Results showed their machine learning model was able to distinguish women with breast cancer from those with no history of the disease with an AUC (area under the curve) of about .75.
"AUCs are easy to interpret," Brody said. "They are the accuracy we would get if we did 1,000 tests, where 500 were known to be true and 500 were known to be false."
Just like a true/false test you would take in school, it's easy to get 0.50 by just guessing, so a 0.50 grade is virtually useless.

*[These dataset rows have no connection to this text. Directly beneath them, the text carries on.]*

lemma funpow_parent_inj: "v \<in> V \<Longrightarrow> (parent ^^ m) v = (parent ^^ n) v \<Longrightarrow> m = n"
  using ray_to_end_spec(1) by (simp add: funpow_parent is_ray_def inj_eq)

lemma common_ancestor:
  assumes "x \<in> V" "y \<in> V"
  shows "\<exists>a b. (parent ^^ a) x = (parent ^^ b) y"
proof -
  obtain a c where "\<And>i. ray_to_end x (a + i) = r0 (c + i)"
    using ray_to_end_spec(3)[OF assms(1)] unfolding tail_equiv_def by blast
  moreover obtain b d where "\<And>i. ray_to_end y (b + i) = r0 (d + i)"
    using ray_to_end_spec(3)[OF assms(2)] unfolding tail_equiv_def by blast
  ultimately have "ray_to_end x (a + d) = ray_to_end y (b + c)"
    by (metis add.commute)
  then show ?thesis
    using funpow_parent assms by metis
qed

lemma common_ancestor_finite:
  assumes "finite S" "S \<subseteq> V"
  shows "\<exists>m\<in>V. \<forall>x\<in>S. \<exists>c. (parent ^^ c) x = m"
  using assms
proof (induction S rule: finite_induct)
  case empty
  then show ?case using ray_in_V[OF ray_r0] by blast
next
  case (insert y S)
  then obtain m where m: "m \<in> V" "\<forall>x\<in>S. \<exists>c. (parent ^^ c) x = m"
    by blast
  obtain a b where ab: "(parent ^^ a) y = (parent ^^ b) m"
    using common_ancestor insert.prems m(1) by blast
  have "\<exists>c. (parent ^^ c) x = (parent ^^ b) m" if "x \<in> S" for x
    using m(2) that by (metis funpow_add comp_apply)
  then show ?case
    using ab funpow_parent_in_V[OF m(1)] by blast
qed

lemma edge_parent:
  assumes xy: "(x, y) \<in> E"
  shows "y = parent x \<or> x = parent y"
proof -
  have x: "x \<in> V" and y: "y \<in> V"
    using xy edges_in_V by auto
  let ?s = "ray_to_end x"
  have s: "is_ray E ?s" "?s 0 = x" "tail_equiv ?s r0"
    using ray_to_end_spec[OF x] by auto
  show ?thesis
  proof (cases "y \<in> range ?s")
    case True
    then obtain j where j: "y = ?s j"
      by blast
    have "j \<noteq> 0"
      using j s(2) xy irrefl_edges unfolding irrefl_def by metis
    moreover have "\<not> 2 \<le> j"
    proof
      assume "2 \<le> j"
      moreover have "(?s j, ?s 0) \<in> E"
        using xy j s(2) sym_edges by (auto dest: symD)
      ultimately have "is_cycle E (map ?s [0..<Suc j])"
        using ray_segment_is_path[OF s(1), of 0 "Suc j"] by (simp add: is_cycle_def hd_map last_map del: upt_Suc)
      then show False
        using no_cycle by blast
    qed
    ultimately have "j = 1"
      by linarith
    then show ?thesis
      using j by (simp add: parent_def)
  next
    case False
    have "is_ray E (case_nat y ?s)"
      using is_ray_case_nat[OF s(1)] xy s(2) False sym_edges by (auto dest: symD)
    moreover have "tail_equiv (case_nat y ?s) r0"
      using tail_equiv_trans[OF tail_equiv_case_nat s(3)] .
    ultimately have "ray_to_end y = case_nat y ?s"
      using ray_to_end_unique[OF y] by simp
    then show ?thesis
      using s(2) by (simp add: parent_def)
  qed
qed

definition ascending :: "(nat \<Rightarrow> 'v) \<Rightarrow> bool" where
  "ascending s \<longleftrightarrow> (\<forall>i. s (Suc i) = parent (s i))"

definition descending_from :: "(nat \<Rightarrow> 'v) \<Rightarrow> nat \<Rightarrow> bool" where
  "descending_from s N \<longleftrightarrow> (\<forall>i\<ge>N. parent (s (Suc i)) = s i)"

definition descendants :: "'v \<Rightarrow> 'v set" where
  "descendants v = {x. \<exists>n. (parent ^^ n) x = v}"

lemma ascending_funpow: "ascending s \<Longrightarrow> s i = (parent ^^ i) (s 0)"
  by (induction i) (simp_all add: ascending_def)

lemma ascending_r0: "ascending r0"
proof -
  have "ray_to_end (r0 0) = r0"
    by (rule ray_to_end_unique) (simp_all add: ray_in_V ray_r0 tail_equiv_refl)
  then have "(parent ^^ i) (r0 0) = r0 i" for i
    using funpow_parent ray_in_V[OF ray_r0] by simp
  then show ?thesis
    unfolding ascending_def by (metis funpow.simps(2) comp_apply)
qed

lemma ascending_rays_tail_equiv:
  assumes "is_ray E s" "is_ray E t" "ascending s" "ascending t"
  shows "tail_equiv s t"
proof -
  obtain a b where ab: "(parent ^^ a) (s 0) = (parent ^^ b) (t 0)"
    using common_ancestor[OF ray_in_V[OF assms(1)] ray_in_V[OF assms(2)]] by blast
  have "s (a + i) = t (b + i)" for i
    using ab ascending_funpow[OF assms(3), of "a + i"] ascending_funpow[OF assms(4), of "b + i"]
    by (simp add: funpow_add add.commute[of _ i])
  then show ?thesis
    unfolding tail_equiv_def by blast
qed

lemma ray_ascending_or_descending:
  assumes s: "is_ray E s"
  shows "ascending s \<or> (\<exists>N. descending_from s N)"
proof (cases "ascending s")
  case False
  then obtain N where N: "s (Suc N) \<noteq> parent (s N)"
    unfolding ascending_def by blast
  have edge: "(s i, s (Suc i)) \<in> E" for i
    using s unfolding is_ray_def by blast
  have "parent (s (Suc M)) = s M" if "N \<le> M" for M
    using that
  proof (induction M rule: dec_induct)
    case base
    then show ?case using edge_parent[OF edge[of N]] N by auto
  next
    case (step M)
    have "s (Suc (Suc M)) \<noteq> s M"
      using s by (simp add: is_ray_def inj_eq)
    then show ?case
      using edge_parent[OF edge[of "Suc M"]] step.IH by auto
  qed
  then show ?thesis
    unfolding descending_from_def by blast
qed simp

lemma descending_funpow:
  assumes "descending_from s N" "N \<le> M"
  shows "(parent ^^ i) (s (M + i)) = s M"
proof (induction i)
  case (Suc i)
  then show ?case
    using assms by (simp add: descending_from_def funpow_Suc_right del: funpow.simps)
qed simp

lemma finitely_many_ancestors_on_ray:
  assumes x: "x \<in> V" and d: "descending_from s N"
  shows "finite {M. N \<le> M \<and> x \<in> descendants (s M)}"
proof (cases "{M. N \<le> M \<and> x \<in> descendants (s M)} = {}")
  case False
  then obtain M0 n0 where M0: "N \<le> M0" "(parent ^^ n0) x = s M0"
    unfolding descendants_def by blast
  have "M \<le> M0 + n0" if "N \<le> M" "(parent ^^ n) x = s M" for M n
  proof (rule ccontr)
    assume "\<not> M \<le> M0 + n0"
    have "(parent ^^ (M - M0 + n)) x = (parent ^^ (M - M0)) (s M)"
      using that(2) by (simp add: funpow_add)
    also have "\<dots> = (parent ^^ n0) x"
      using descending_funpow[OF d M0(1), of "M - M0"] M0(2) \<open>\<not> M \<le> M0 + n0\<close> by simp
    finally have "n0 = M - M0 + n"
      using funpow_parent_inj[OF x] by metis
    then show False
      using \<open>\<not> M \<le> M0 + n0\<close> by linarith
  qed
  then have "{M. N \<le> M \<and> x \<in> descendants (s M)} \<subseteq> {..M0 + n0}"
    unfolding descendants_def by blast
  then show ?thesis
    using finite_subset by blast
next
  case True
  then show ?thesis by (simp only: finite.emptyI)
qed
(* Let $X_1,\dots,X_n,R_1,\dots,R_n$ be mutually independent random variables, all real-valued or all taking values in $\mathbb{Z}_p$ (addition mod $p$), such that $\mathrm{I}(X_i;X_i+R_i)=0$ for every $i$. Then for every $i$, $$\mathrm{I}\Big(X_i;\ X_1+R_1,\dots,X_n+R_n,\ \textstyle\sum_{j=1}^n R_j\Big)=\mathrm{I}\Big(X_i;\ \textstyle\sum_{j=1}^n X_j\Big).$$
   Context: $\mathrm{I}$ denotes mutual information. *)

theory Defs
  imports "HOL-Probability.Probability"
begin

text \<open>Mutual information with the standard convention that it is \<open>\<infinity>\<close> whenever the
  joint law is not absolutely continuous w.r.t. the product of the marginals, or the
  log-density is not integrable w.r.t. the joint law (i.e. the KL divergence is \<open>+\<infinity>\<close>).
  In the finite case it coincides with the library's \<open>mutual_information\<close>.
  We use the natural logarithm (base e); the base is irrelevant for the statement.\<close>

definition MI :: "'a measure \<Rightarrow> 'b measure \<Rightarrow> 'c measure \<Rightarrow> ('a \<Rightarrow> 'b) \<Rightarrow> ('a \<Rightarrow> 'c) \<Rightarrow> ereal" where
  "MI M S T X Y =
    (let P = distr M S X \<Otimes>\<^sub>M distr M T Y;
         Q = distr M (S \<Otimes>\<^sub>M T) (\<lambda>x. (X x, Y x))
     in if absolutely_continuous P Q \<and> integrable Q (entropy_density (exp 1) P Q)
        then ereal (prob_space.mutual_information M (exp 1) S T X Y)
        else \<infinity>)"

end

theory Submission
  imports Defs
begin

text \<open>Mutual information is the KL divergence between the joint law and the product of the
  marginals; hence it does not change when one variable is replaced by a measurable bijective image,
  or when both laws are tensored with a common factor. The hypothesis \<open>I(X\<^sub>j; Y\<^sub>j) = 0\<close>
  makes each input \<open>X\<^sub>j\<close> independent of its output \<open>Y\<^sub>j = X\<^sub>j + R\<^sub>j\<close>, and together
  with the mutual independence of all \<open>X\<^sub>j, R\<^sub>j\<close> the input vector is independent of the output
  vector \<open>Y\<close>. As \<open>\<Sum>R = \<Sum>Y - \<Sum>X\<close>, the observation \<open>(Y, \<Sum>R)\<close> is a bijective image of
  \<open>(\<Sum>X, Y)\<close>, and \<open>(X\<^sub>i, \<Sum>X)\<close> is independent of \<open>Y\<close>, so
  \<open>I(X\<^sub>i; Y, \<Sum>R) = I(X\<^sub>i; \<Sum>X, Y) = I(X\<^sub>i; \<Sum>X)\<close>.\<close>

definition ext_KL_divergence :: "'a measure \<Rightarrow> 'a measure \<Rightarrow> ereal" where
  "ext_KL_divergence P Q =
    (if absolutely_continuous P Q \<and> integrable Q (entropy_density (exp 1) P Q)
     then ereal (KL_divergence (exp 1) P Q) else \<infinity>)"

lemma MI_eq_ext_KL_divergence:
  "prob_space M \<Longrightarrow> MI M S T X Y =
    ext_KL_divergence (distr M S X \<Otimes>\<^sub>M distr M T Y) (distr M (S \<Otimes>\<^sub>M T) (\<lambda>x. (X x, Y x)))"
  unfolding MI_def ext_KL_divergence_def Let_def prob_space.mutual_information_def by simp

lemma ext_KL_divergence_density:
  assumes P: "sigma_finite_measure P" and f[measurable]: "f \<in> borel_measurable P"
    and Q: "Q = density P f"
  shows "ext_KL_divergence P Q = (if integrable Q (\<lambda>x. ln (enn2real (f x)))
     then ereal (\<integral>x. ln (enn2real (f x)) \<partial>Q) else \<infinity>)"
proof -
  have "AE x in P. f x = RN_deriv P Q x"
    using sigma_finite_measure.RN_deriv_unique[OF P f Q[symmetric]] .
  then have "AE x in Q. f x = RN_deriv P Q x"
    unfolding Q using f by (subst AE_density) (auto elim: AE_mp)
  then have ae: "AE x in Q. entropy_density (exp 1) P Q x = ln (enn2real (f x))"
    by eventually_elim (simp add: entropy_density_def log_ln[symmetric])
  have sets_Q: "sets Q = sets P" unfolding Q by simp
  have "entropy_density (exp 1) P Q \<in> borel_measurable Q"
    "(\<lambda>x. ln (enn2real (f x))) \<in> borel_measurable Q"
    by (simp_all add: measurable_cong_sets[OF sets_Q refl])
  note integrable_cong_AE[OF this ae] integral_cong_AE[OF this ae]
  moreover have "absolutely_continuous P Q"
    unfolding Q by (rule absolutely_continuousI_density) fact
  ultimately show ?thesis
    unfolding ext_KL_divergence_def KL_divergence_def by simp
qed
text \<open>The hypotheses are coequalizers because that is what a functor preserving reflexive
  coequalizers is known to preserve; of \<open>p\<close> only its being an epimorphism is used.\<close>
lemma pushout_in_if_coequalizers:
  assumes C: "category C"
    and q: "q \<in> Hom C B X" and r': "r' \<in> Hom C Y D" and comm: "cmp C r q = cmp C r' q'"
    and cq': "coequalizer_in C k1 k2 q' K B Y"
    and cp: "coequalizer_in C w1 w2 p W K P"
    and u1p: "cmp C u1 p = cmp C q k1" and u2p: "cmp C u2 p = cmp C q k2"
    and cr: "coequalizer_in C u1 u2 r P X D"
  shows "pushout_in C q q' r r' B X Y D"
  unfolding pushout_in_def
proof (intro conjI allI impI)
  have k1: "k1 \<in> Hom C K B" and k2: "k2 \<in> Hom C K B" and q': "q' \<in> Hom C B Y"
    and qk: "cmp C q' k1 = cmp C q' k2"
    using cq' unfolding coequalizer_in_def by auto
  have p: "p \<in> Hom C K P" using cp unfolding coequalizer_in_def by auto
  have u1: "u1 \<in> Hom C P X" and u2: "u2 \<in> Hom C P X" and r: "r \<in> Hom C X D"
    and rU: "\<And>Z t. t \<in> Hom C X Z \<Longrightarrow> cmp C t u1 = cmp C t u2 \<Longrightarrow>
        \<exists>!h. h \<in> Hom C D Z \<and> cmp C h r = t"
    using cr unfolding coequalizer_in_def by auto
  show "q \<in> Hom C B X" "q' \<in> Hom C B Y" "r \<in> Hom C X D" "r' \<in> Hom C Y D" "cmp C r q = cmp C r' q'"
    using q q' r r' comm by auto
  fix Z t t' assume "t \<in> Hom C X Z \<and> t' \<in> Hom C Y Z \<and> cmp C t q = cmp C t' q'"
  then have t: "t \<in> Hom C X Z" and t': "t' \<in> Hom C Y Z" and tq: "cmp C t q = cmp C t' q'"
    by auto
  have "cmp C (cmp C t u1) p = cmp C (cmp C t' q') k1"
    using category_cmp_assoc[OF C p u1 t] category_cmp_assoc[OF C k1 q t] u1p tq by simp
  also have "\<dots> = cmp C (cmp C t' q') k2"
    using category_cmp_assoc[OF C k1 q' t'] category_cmp_assoc[OF C k2 q' t'] qk by simp
  also have "\<dots> = cmp C (cmp C t u2) p"
    using category_cmp_assoc[OF C p u2 t] category_cmp_assoc[OF C k2 q t] u2p tq by simp
  finally have "cmp C t u1 = cmp C t u2"
    using coequalizer_in_cancel[OF C cp] category_cmp_Hom[OF C u1 t] category_cmp_Hom[OF C u2 t]
    by blast
  then obtain h where h: "h \<in> Hom C D Z" "cmp C h r = t"
    and h_unique: "\<And>h'. h' \<in> Hom C D Z \<Longrightarrow> cmp C h' r = t \<Longrightarrow> h' = h"
    using rU[OF t] by blast
  have "cmp C (cmp C h r') q' = cmp C t' q'"
    using category_cmp_assoc[OF C q' r' h(1)] category_cmp_assoc[OF C q r h(1)] comm h(2) tq
    by simp
  then have "cmp C h r' = t'"
    using coequalizer_in_cancel[OF C cq' category_cmp_Hom[OF C r' h(1)] t'] by blast
  with h h_unique show "\<exists>!h. h \<in> Hom C D Z \<and> cmp C h r = t \<and> cmp C h r' = t'"
    by blast
qed
(* (1) The relation $\sim$ is an equivalence relation on the set of positive ABMN solutions. (2) Each equivalence class contains exactly one standard solution and exactly one default solution.
   Context: ABMN system on $\mathbb{Z}$: real variables $a_i,b_i\ge0$, $m_i,n_i$ with, for all $i$, $(a_i+b_i)(m_i+a_i)=a_im_{i+1}+b_im_{i-1}$, $(a_i+b_i)(n_i+b_i)=a_in_{i+1}+b_in_{i-1}$, $(a_i+b_i)^2=b_i(m_{i+1}-m_{i-1})$, $(a_i+b_i)^2=a_i(n_{i-1}-n_{i+1})$; positive if all $a_i,b_i>0$; $m_{\pm\infty},n_{\pm\infty}$ denote the (real) limits of $m_i,n_i$ as $i\to\pm\infty$. For a quadruple of sequences $(a,b,m,n)$, $u>0$ and $v_1,v_2\in\mathbb{R}$, set $\tau_u(a,b,m,n)=(ua,ub,um,un)$ and $\chi_{v_1,v_2}(a,b,m,n)=(a,b,m+v_1,n+v_2)$. Two solutions are related by $\sim$ if one is the image of the other under $\tau_u\circ\chi_{v_1,v_2}$ for some such $u,v_1,v_2$. A positive solution is standard if $m_{-\infty}=0$, $n_\infty=0$, $m_\infty=1$; default if $m_{-\infty}=0$, $n_\infty=0$, $m_0-m_{-1}=1$. *)

theory Defs
  imports "HOL-Analysis.Analysis"
begin

type_synonym seq = "int \<Rightarrow> real"
type_synonym quad = "seq \<times> seq \<times> seq \<times> seq"

definition ABMN_solution :: "quad \<Rightarrow> bool" where
  "ABMN_solution q = (case q of (a, b, m, n) \<Rightarrow>
     (\<forall>i. a i \<ge> 0 \<and> b i \<ge> 0 \<and>
       (a i + b i) * (m i + a i) = a i * m (i + 1) + b i * m (i - 1) \<and>
       (a i + b i) * (n i + b i) = a i * n (i + 1) + b i * n (i - 1) \<and>
       (a i + b i)^2 = b i * (m (i + 1) - m (i - 1)) \<and>
       (a i + b i)^2 = a i * (n (i - 1) - n (i + 1))))"

definition positive_solution :: "quad \<Rightarrow> bool" where
  "positive_solution q = (ABMN_solution q \<and>
     (case q of (a, b, m, n) \<Rightarrow> (\<forall>i. a i > 0 \<and> b i > 0)))"

definition tau :: "real \<Rightarrow> quad \<Rightarrow> quad" where
  "tau u q = (case q of (a, b, m, n) \<Rightarrow>
     ((\<lambda>i. u * a i), (\<lambda>i. u * b i), (\<lambda>i. u * m i), (\<lambda>i. u * n i)))"

definition chi :: "real \<Rightarrow> real \<Rightarrow> quad \<Rightarrow> quad" where
  "chi v1 v2 q = (case q of (a, b, m, n) \<Rightarrow>
     (a, b, (\<lambda>i. m i + v1), (\<lambda>i. n i + v2)))"

definition abmn_sim :: "quad \<Rightarrow> quad \<Rightarrow> bool" where
  "abmn_sim x y = (\<exists>u v1 v2. u > 0 \<and>
      (y = tau u (chi v1 v2 x) \<or> x = tau u (chi v1 v2 y)))"

definition standard_solution :: "quad \<Rightarrow> bool" where
  "standard_solution q = (positive_solution q \<and>
     (case q of (a, b, m, n) \<Rightarrow>
        (m \<longlongrightarrow> 0) at_bot \<and> (n \<longlongrightarrow> 0) at_top \<and> (m \<longlongrightarrow> 1) at_top))"

definition default_solution :: "quad \<Rightarrow> bool" where
  "default_solution q = (positive_solution q \<and>
     (case q of (a, b, m, n) \<Rightarrow>
        (m \<longlongrightarrow> 0) at_bot \<and> (n \<longlongrightarrow> 0) at_top \<and> m 0 - m (-1) = 1))"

A perfect score is 1.00.
An AUC is a statistic that is regularly used for diagnostic tests. For example, a mammogram has an AUC of about 0.95 for diagnosing breast cancer. Predictive tests generally have lower AUCs than diagnostic tests. For instance, a predictive test for coronary artery disease using genetic information has an AUC of .62 and the best predictive test now available for cancer has an AUC of .69. So, the initial results from the TCGA dataset caught Brody by surprise.
"I was surprised and excited that night," he said. "The next day I was worried." Brody was concerned because there are technical errors in machine learning that will lead to "amazing-looking results." He spent several months trying to build confidence in the results, and then he began worrying he may have uncovered technical problems in the way the data was generated.
To alleviate his concerns, Brody tried to see if he could replicate his results with a completely different set of data. Here, he turned to the UK Biobank, consisting of half a million people ages 40-69. From this population, Brody and team identified 1,534 cases who both self-reported and were identified by cancer registries as having a diagnosis of breast cancer. Some 4,391 women with no history of breast cancer served as a control group.
The genetics for each of the women were quantified with 88 numbers, each representing the length variation of one-quarter of each of the 22 chromosomes analyzed. The X chromosome was not used. Results showed Brody's machine learning model for breast cancer risk, using data from the UK Biobank, had an AUC of about .81. "When I saw the results on that dataset, I was satisfied," he said. As for next steps, Brody said he would like to see the prognostic value of his machine learning model improve for breast cancer before taking the technology into the clinic. Right now, he'd give his present model a grade of about a B-. "It's much better than others, but not great," he said.
Brody's also creating models for other cancers, including one for ovarian cancer (soon-to-be-published). "The method should be generally applicable to predict any cancers or other complex genetic conditions, including conditions as diverse as heart disease and schizophrenia," he noted.
Warren Froelich is a contributing writer.